*** Supplied entries ***
(* Let $\mathcal{C}$ be a simplicial complex on ground set $V$ and $\mathbf{d}=(d_u)_{u\in V}$ with all $d_u\ge2$, and assume $\mathcal{A}_{\mathcal{C},\mathbf{d}}$ is unimodular. Let $v$ be a vertex of $\mathcal{C}$ and let $\mathbf{d}'$ be obtained from $\mathbf{d}$ by deleting the entry $d_v$. Then $\mathcal{A}_{\operatorname{link}_v(\mathcal{C}),\mathbf{d}'}$ is unimodular.
   Context: A simplicial complex on a finite ground set $V$ is a family of subsets of $V$ closed under subsets; facets are inclusion-maximal faces; a vertex $v$ of $\mathcal{C}$ means $\{v\}\in\mathcal{C}$. $\operatorname{link}_v(\mathcal{C})=\{F\setminus\{v\}: v\in F\in\mathcal{C}\}$ on ground set $V\setminus\{v\}$. $\mathcal{A}_{\mathcal{C},\mathbf{d}}$ is the $0/1$ matrix with columns indexed by $\mathbf{i}\in\prod_{u\in V}[d_u]$ and rows indexed by pairs $(F,\mathbf{e})$, $F$ a facet, $\mathbf{e}\in\prod_{u\in F}[d_u]$; entry $1$ iff $\mathbf{e}=\mathbf{i}|_F$. An integer matrix is unimodular if every circuit (nonzero integer kernel vector with coprime entries and inclusion-minimal support among nonzero kernel vectors) has all entries in $\{0,\pm1\}$. *)

theory Defs
  imports "HOL-Library.FuncSet"
begin

definition simplicial_complex :: "'a set \<Rightarrow> 'a set set \<Rightarrow> bool" where
  "simplicial_complex V C \<longleftrightarrow> finite V \<and> (\<forall>F\<in>C. F \<subseteq> V) \<and> (\<forall>F\<in>C. \<forall>G. G \<subseteq> F \<longrightarrow> G \<in> C)"

definition facets :: "'a set set \<Rightarrow> 'a set set" where
  "facets C = {F \<in> C. \<not> (\<exists>G\<in>C. F \<subset> G)}"

definition link :: "'a \<Rightarrow> 'a set set \<Rightarrow> 'a set set" where
  "link v C = {F - {v} | F. v \<in> F \<and> F \<in> C}"

definition int_kernel_vec :: "'r set \<Rightarrow> 'c set \<Rightarrow> ('r \<Rightarrow> 'c \<Rightarrow> int) \<Rightarrow> ('c \<Rightarrow> int) \<Rightarrow> bool" where
  "int_kernel_vec R K M z \<longleftrightarrow> (\<forall>c. c \<notin> K \<longrightarrow> z c = 0) \<and> (\<forall>r\<in>R. (\<Sum>c\<in>K. M r c * z c) = 0)"

definition supp :: "('c \<Rightarrow> int) \<Rightarrow> 'c set" where
  "supp z = {c. z c \<noteq> 0}"

definition circuit :: "'r set \<Rightarrow> 'c set \<Rightarrow> ('r \<Rightarrow> 'c \<Rightarrow> int) \<Rightarrow> ('c \<Rightarrow> int) \<Rightarrow> bool" where
  "circuit R K M z \<longleftrightarrow> int_kernel_vec R K M z \<and> z \<noteq> (\<lambda>_. 0) \<and> Gcd (z ` K) = 1 \<and>
     \<not> (\<exists>y. int_kernel_vec R K M y \<and> y \<noteq> (\<lambda>_. 0) \<and> supp y \<subset> supp z)"

definition unimodular :: "'r set \<Rightarrow> 'c set \<Rightarrow> ('r \<Rightarrow> 'c \<Rightarrow> int) \<Rightarrow> bool" where
  "unimodular R K M \<longleftrightarrow> (\<forall>z. circuit R K M z \<longrightarrow> (\<forall>c. z c \<in> {-1, 0, 1}))"

text \<open>The matrix A_{C,d}; [d_u] is rendered as {0..<d u}. Columns: extensional functions on V.\<close>
definition A_cols :: "'a set \<Rightarrow> ('a \<Rightarrow> nat) \<Rightarrow> ('a \<Rightarrow> nat) set" where
  "A_cols V d = (\<Pi>\<^sub>E u\<in>V. {..<d u})"

definition A_rows :: "'a set set \<Rightarrow> ('a \<Rightarrow> nat) \<Rightarrow> ('a set \<times> ('a \<Rightarrow> nat)) set" where
  "A_rows C d = {(F, e). F \<in> facets C \<and> e \<in> (\<Pi>\<^sub>E u\<in>F. {..<d u})}"

definition A_entry :: "('a set \<times> ('a \<Rightarrow> nat)) \<Rightarrow> ('a \<Rightarrow> nat) \<Rightarrow> int" where
  "A_entry r i = (if snd r = restrict i (fst r) then 1 else 0)"

definition A_unimodular :: "'a set \<Rightarrow> 'a set set \<Rightarrow> ('a \<Rightarrow> nat) \<Rightarrow> bool" where
  "A_unimodular V C d \<longleftrightarrow> unimodular (A_rows C d) (A_cols V d) A_entry"

end

theory Submission imports Defs begin

text \<open>A circuit z of the link matrix is lifted to a circuit s \<otimes> z of A_{C,d}, where s is indexed by
  the values of the coordinate v and s 0 = 1; then z is a slice of that circuit, so the unimodularity
  of A_{C,d} bounds its entries. A row of A_{C,d} through v restricts to a row of the link matrix,
  while a row avoiding v only sees the total weight of s. So take s = e_0 if z annihilates the rows
  avoiding v; otherwise every kernel vector t \<otimes> z has total weight of t zero, and take
  s = e_0 - e_1 (possible as d v \<ge> 2). Minimality: by minimality of z, every slice of a kernel
  vector supported inside s \<otimes> z is a multiple of z, so that vector is itself some t \<otimes> z,
  and the constraint on t leaves no support strictly between empty and that of s.\<close>

definition A_row_dot :: "('a \<Rightarrow> nat) set \<Rightarrow> 'a set \<times> ('a \<Rightarrow> nat) \<Rightarrow> (('a \<Rightarrow> nat) \<Rightarrow> int) \<Rightarrow> int" where
  "A_row_dot K r y = (\<Sum>i\<in>K. A_entry r i * y i)"
lemma criterion_iff_mingens_shape:
  fixes I :: "('v, 'k::field) mpoly set"
  assumes I: "is_ideal I"
  shows "(\<forall>a. monom (Poly_Mapping.single x 1 + a) \<in> I \<longrightarrow>
      Poly_Mapping.keys a \<inter> X \<noteq> {} \<longrightarrow> monom a \<in> I) \<longleftrightarrow>
    (\<forall>u\<in>mingens I. 1 \<le> Poly_Mapping.lookup u x \<longrightarrow>
      (\<exists>b. Poly_Mapping.keys b \<subseteq> - X \<and> u = Poly_Mapping.single x 1 + b \<and>
        (\<forall>j\<in>X. monom (Poly_Mapping.single j 1 + b) \<in> I)))"
    (is "?criterion \<longleftrightarrow> ?shape")
proof
  assume ?criterion
  then show ?shape using mingens_shape_if_criterion[OF I] by blast
next
  assume ?shape
  then show ?criterion using criterion_if_mingens_shape[OF I] by blast
qed

theorem lemma1p8:
  fixes X :: "'v::finite set" and x1 :: 'v and I :: "('v, 'k::field) mpoly set"
  assumes "x1 \<in> X" \<comment> \<open>not needed: the argument works for any variable x1\<close>
    and "monomial_ideal I"
  shows "(colon I (var x1) \<inter> ideal_sum (ideal_gen (var ` X)) I = I) \<longleftrightarrow>
    (\<forall>u \<in> mingens I. Poly_Mapping.lookup u x1 \<ge> 1 \<longrightarrow>
       (\<exists>b. Poly_Mapping.keys b \<subseteq> - X \<and> u = Poly_Mapping.single x1 1 + b \<and>
            (\<forall>j \<in> X. monom (Poly_Mapping.single j 1 + b) \<in> I)))"
proof -
  have I: "is_ideal I" using assms(2) unfolding monomial_ideal_def by blast
  show ?thesis
    unfolding colon_var_inter_ideal_sum_eq_iff[OF assms(2) monomial_ideal_ideal_gen_var]
      monom_mem_ideal_gen_var criterion_iff_mingens_shape[OF I] ..
qed

end
lemma gens_prod_in_target:
  "length xs = Suc (card P) \<Longrightarrow> set xs \<subseteq> P \<Longrightarrow> ring_prod_list R xs \<in> reduction_target"
proof (induction "Suc (card P) * 2 ^ r - weight xs" arbitrary: xs rule: less_induct)
  case less
  have xs_carrier: "set xs \<subseteq> carrier R" using less.prems gens_carrier by auto
  show ?case
  proof (cases "\<exists>x\<in>set xs. x \<in> Ps 0")
    case True
    then obtain x us ws where x: "x \<in> Ps 0" and xs: "xs = us @ x # ws" by (metis split_list)
    have "ring_prod_list R xs = x \<otimes> ring_prod_list R (us @ ws)"
      using xs xs_carrier by (simp add: ring_prod_list_move_to_front)
    moreover have "ring_prod_list R (us @ ws) \<in> ideal_power R (Idl P) (card P)"
      using ring_prod_list_in_ideal_power[of "us @ ws" "Idl P"] less.prems xs gens_subset_Idl by auto
    ultimately show ?thesis
      unfolding reduction_target_def using x layer0_subset_layer_ideal by (auto intro: ideal_prod.prod)
  next
    case False
    have "card (set xs) < length xs" using less.prems finite_gens card_mono[of P "set xs"] by simp
    then have "\<not> distinct xs" using distinct_card by fastforce
    then obtain us vs ws a where xs: "xs = us @ [a] @ vs @ [a] @ ws"
      using not_distinct_decomp by blast
    define rest where "rest = us @ vs @ ws"
    have a: "a \<in> P" "set rest \<subseteq> P" using less.prems xs by (auto simp: rest_def)
    have "0 < level a" using False level_mem[OF a(1)] xs by (cases "level a") auto
    moreover have "Suc (length rest) = card P" using less.prems xs by (simp add: rest_def)
    moreover have "ring_prod_list R ys \<in> reduction_target"
      if "length ys = Suc (card P)" "set ys \<subseteq> P" "weight (a # a # rest) < weight ys" for ys
    proof (rule less.hyps[OF _ that(1,2)])
      have "weight xs = weight (a # a # rest)"
        by (simp add: xs rest_def weight_append weight_Cons)
      moreover have "weight ys \<le> Suc (card P) * 2 ^ r" using weight_le[of ys] that(1) by simp
      ultimately show "Suc (card P) * 2 ^ r - weight ys < Suc (card P) * 2 ^ r - weight xs"
        using that(3) by linarith
    qed
    ultimately have "a \<otimes> (a \<otimes> ring_prod_list R rest) \<in> reduction_target"
      using square_times_in_target[OF a(1) _ a(2)] by blast
    moreover have "ring_prod_list R xs = a \<otimes> ring_prod_list R (us @ vs @ a # ws)"
      using ring_prod_list_move_to_front[of us a "vs @ a # ws"] xs_carrier by (simp add: xs)
    moreover have "ring_prod_list R (us @ vs @ a # ws) = a \<otimes> ring_prod_list R rest"
      using ring_prod_list_move_to_front[of "us @ vs" a ws] xs_carrier by (simp add: xs rest_def)
    ultimately show ?thesis by simp
  qed
qed
text \<open>The reward bound of a valid setting is pathwise, so the bound on the optimal value has to be
  carried along every feasible history.\<close>
lemma Vn_le_remaining_reward:
  assumes "valid_setting E" "M \<in> models E"
    and "n \<le> Hor E" "x \<in> states E" "feasible_prefix E (Hor E - n) xs as rs"
  shows "Vn E M n x \<le> 1 - (\<Sum>s=1..Hor E - n. rs s)"
  using assms(3-5)
proof (induction n arbitrary: x xs as rs)
  case 0
  then show ?case
    using assms(1) unfolding valid_setting_def feasible_prefix_def by auto
next
  case (Suc n)
  define t where "t = Hor E - n"
  have t: "1 \<le> t" "Hor E - Suc n = t - 1"
    using Suc.prems(1) by (auto simp: t_def)
  have "Er E t x a + measure_pmf.expectation (trans E M t x a) (Vn E M n) \<le> 1 - (\<Sum>s=1..t - 1. rs s)"
    if a: "a \<in> Act E" for a
  proof (rule Er_plus_expectation_le[OF assms(1,2)])
    fix r x' assume r: "r \<in> set_pmf (Rew E t x a)" and x': "x' \<in> set_pmf (trans E M t x a)"
    have "x' \<in> states E"
      using x' set_pmf_trans_subset[OF assms(2)] by blast
    moreover note feasible_prefix_extend[OF Suc.prems(3)[unfolded t(2)] t(1) Suc.prems(2) a r]
    ultimately show "r + Vn E M n x' \<le> 1 - (\<Sum>s=1..t - 1. rs s)"
      using Suc.IH[of x' "xs(t := x)" "as(t := a)" "rs(t := r)", folded t_def] Suc.prems(1)
      by (simp del: fun_upd_apply)
  qed
  then show ?case
    unfolding Vn.simps t_def[symmetric] t(2) using valid_settingD(3,4)[OF assms(1)] by simp
qed

lemma abs_V_Suc_le_1:
  assumes "valid_setting E" "M \<in> models E" "x \<in> states E"
  shows "\<bar>V E M (Suc h) x\<bar> \<le> 1"
proof -
  obtain x0 a0 where x0: "x0 \<in> states E" and a0: "a0 \<in> Act E"
    using states_nonempty[OF assms(1)] valid_settingD(4)[OF assms(1)] by blast
  define rs where "rs s = (SOME r. r \<in> set_pmf (Rew E s x0 a0))" for s
  have rs: "rs s \<in> set_pmf (Rew E s x0 a0)" for s
    unfolding rs_def using set_pmf_not_empty by (metis ex_in_conv someI_ex)
  let ?n = "Hor E - h"
  have "Vn E M ?n x \<le> 1 - (\<Sum>s=1..Hor E - ?n. rs s)"
    using x0 a0 rs assms by (intro Vn_le_remaining_reward) (auto simp: feasible_prefix_def)
  moreover have "0 \<le> (\<Sum>s=1..Hor E - ?n. rs s)"
    using rs valid_settingD(7)[OF assms(1)] by (intro sum_nonneg) fastforce
  moreover have "V E M (Suc h) x = Vn E M ?n x"
    unfolding V_def by simp
  ultimately show ?thesis
    using Vn_nonneg[OF assms(1)] by (simp add: abs_le_iff)
qed

definition factor_dist :: "fsetting \<Rightarrow> model \<Rightarrow> model \<Rightarrow> nat \<Rightarrow> nat \<Rightarrow> state \<Rightarrow> nat \<Rightarrow> real" where
  "factor_dist E Ms M' h i z a = (\<Sum>y\<in>Obs E. \<bar>pmf (M' h i z a) y - pmf (Ms h i z a) y\<bar>)"

definition misfit_matrix :: "fsetting \<Rightarrow> model \<Rightarrow> nat \<Rightarrow> model \<Rightarrow> model \<Rightarrow> real" where
  "misfit_matrix E Ms h M M' = measure_pmf.expectation (roll E Ms (pol E M) h)
     (\<lambda>x. measure_pmf.expectation (pmf_of_set (Act E))
        (\<lambda>a. \<Sum>i<nfeat E. factor_dist E Ms M' h i (restrict x (pa E i)) a))"

lemma factor_dist_nonneg: "0 \<le> factor_dist E Ms M' h i z a"
  unfolding factor_dist_def by (intro sum_nonneg) simp

lemma factor_dist_le_card: "factor_dist E Ms M' h i z a \<le> real (card (Obs E))"
proof -
  have "\<bar>pmf (M' h i z a) y - pmf (Ms h i z a) y\<bar> \<le> 1" for y
    unfolding abs_le_iff using pmf_le_1[of "M' h i z a" y] pmf_le_1[of "Ms h i z a" y]
      pmf_nonneg[of "M' h i z a" y] pmf_nonneg[of "Ms h i z a" y] by linarith
  then have "factor_dist E Ms M' h i z a \<le> (\<Sum>y\<in>Obs E. 1)"
    unfolding factor_dist_def by (intro sum_mono)
  then show ?thesis by simp
qed
(* Let $(\mathcal M,\omega)$ be a $2n$-dimensional symplectic manifold with local coordinates $q^1,\dots,q^{2n}$, equipped with a Weyl-type $*$-product, trace density $t$ and Stratonovich–Weyl correspondence as described in the context. A function $W=W(q^1,\dots,q^{2n})$ in the algebra $\mathcal A$ represents a pure quantum state if and only if: (i) $\int_{\mathcal M}W^{*2}\,t\,\omega^n=\frac{1}{(2\pi\hbar)^n}$; (ii) $W$ is real; (iii) $W^{*2}=\frac{1}{(2\pi\hbar)^n}W$; (iv) $\int_{\mathcal M}W\,t\,\omega^n=1$.
   Context: Setting: $\mathcal H$ is a separable Hilbert space and $\mathcal A_{\mathcal H}$ an algebra of operators on it; $\mathcal A$ is an algebra of smooth complex functions on the symplectic manifold $(\mathcal M,\omega)$ with product a (local, Weyl-type) $*$-product, understood in an integral form when needed, and involution complex conjugation; $W^{*2}=W*W$. The trace density $t=\sum_i\hbar^it_i$ is the real function such that every state functional has the form $A\mapsto\int_{\mathcal M}A*W\,t\,\omega^n$. The Stratonovich–Weyl correspondence $SW:\mathcal A_{\mathcal H}\to\mathcal A$ is a linear bijection with $SW(\hat A^+)=\overline{SW(\hat A)}$, $SW(\hat1)=1$, $SW(\hat A\hat B)=SW(\hat A)*SW(\hat B)$, self-adjoint operators mapped to real functions, and $\mathrm{Tr}\hat A=\frac{1}{(2\pi\hbar)^n}\int_{\mathcal M}SW(\hat A)\,t\,\omega^n$. A function represents a pure state if it equals $SW\big(\frac{1}{(2\pi\hbar)^n}\hat\varrho\big)$ for a density operator $\hat\varrho$ on $\mathcal H$ that is a rank-one orthogonal projection. *)

theory Defs
  imports "HOL-Analysis.Analysis"
begin

text \<open>Separable complex Hilbert space, concretely as l2(J) for an index set J of naturals
  (every separable Hilbert space is unitarily isomorphic to such a space).\<close>

definition l2 :: "nat set \<Rightarrow> (nat \<Rightarrow> complex) set" where
  "l2 J = {\<psi>. (\<forall>i. i \<notin> J \<longrightarrow> \<psi> i = 0) \<and> (\<lambda>i. (cmod (\<psi> i))\<^sup>2) summable_on J}"

definition cinner :: "nat set \<Rightarrow> (nat \<Rightarrow> complex) \<Rightarrow> (nat \<Rightarrow> complex) \<Rightarrow> complex" where
  "cinner J \<phi> \<psi> = (\<Sum>\<^sub>\<infinity>i\<in>J. cnj (\<phi> i) * \<psi> i)"

definition hnorm :: "nat set \<Rightarrow> (nat \<Rightarrow> complex) \<Rightarrow> real" where
  "hnorm J \<psi> = sqrt (Re (cinner J \<psi> \<psi>))"

definition basis_vec :: "nat \<Rightarrow> (nat \<Rightarrow> complex)" where
  "basis_vec j = (\<lambda>i. if i = j then 1 else 0)"

type_synonym op = "(nat \<Rightarrow> complex) \<Rightarrow> (nat \<Rightarrow> complex)"

definition extensional_op :: "nat set \<Rightarrow> op \<Rightarrow> bool" where
  "extensional_op J A \<longleftrightarrow> (\<forall>\<phi>. \<phi> \<notin> l2 J \<longrightarrow> A \<phi> = (\<lambda>_. 0)) \<and> (\<forall>\<phi>\<in>l2 J. A \<phi> \<in> l2 J)"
*** End of Supplied entries ***
What is being asked »
Your response should be each line that includes the word "noteq", copied from the records.

Output for this exercise »
  "supp z = {c. z c \<noteq> 0}"
  "circuit R K M z \<longleftrightarrow> int_kernel_vec R K M z \<and> z \<noteq> (\<lambda>_. 0) \<and> Gcd (z ` K) = 1 \<and>
     \<not> (\<exists>y. int_kernel_vec R K M y \<and> y \<noteq> (\<lambda>_. 0) \<and> supp y \<subset> supp z)"
      Poly_Mapping.keys a \<inter> X \<noteq> {} \<longrightarrow> monom a \<in> I) \<longleftrightarrow>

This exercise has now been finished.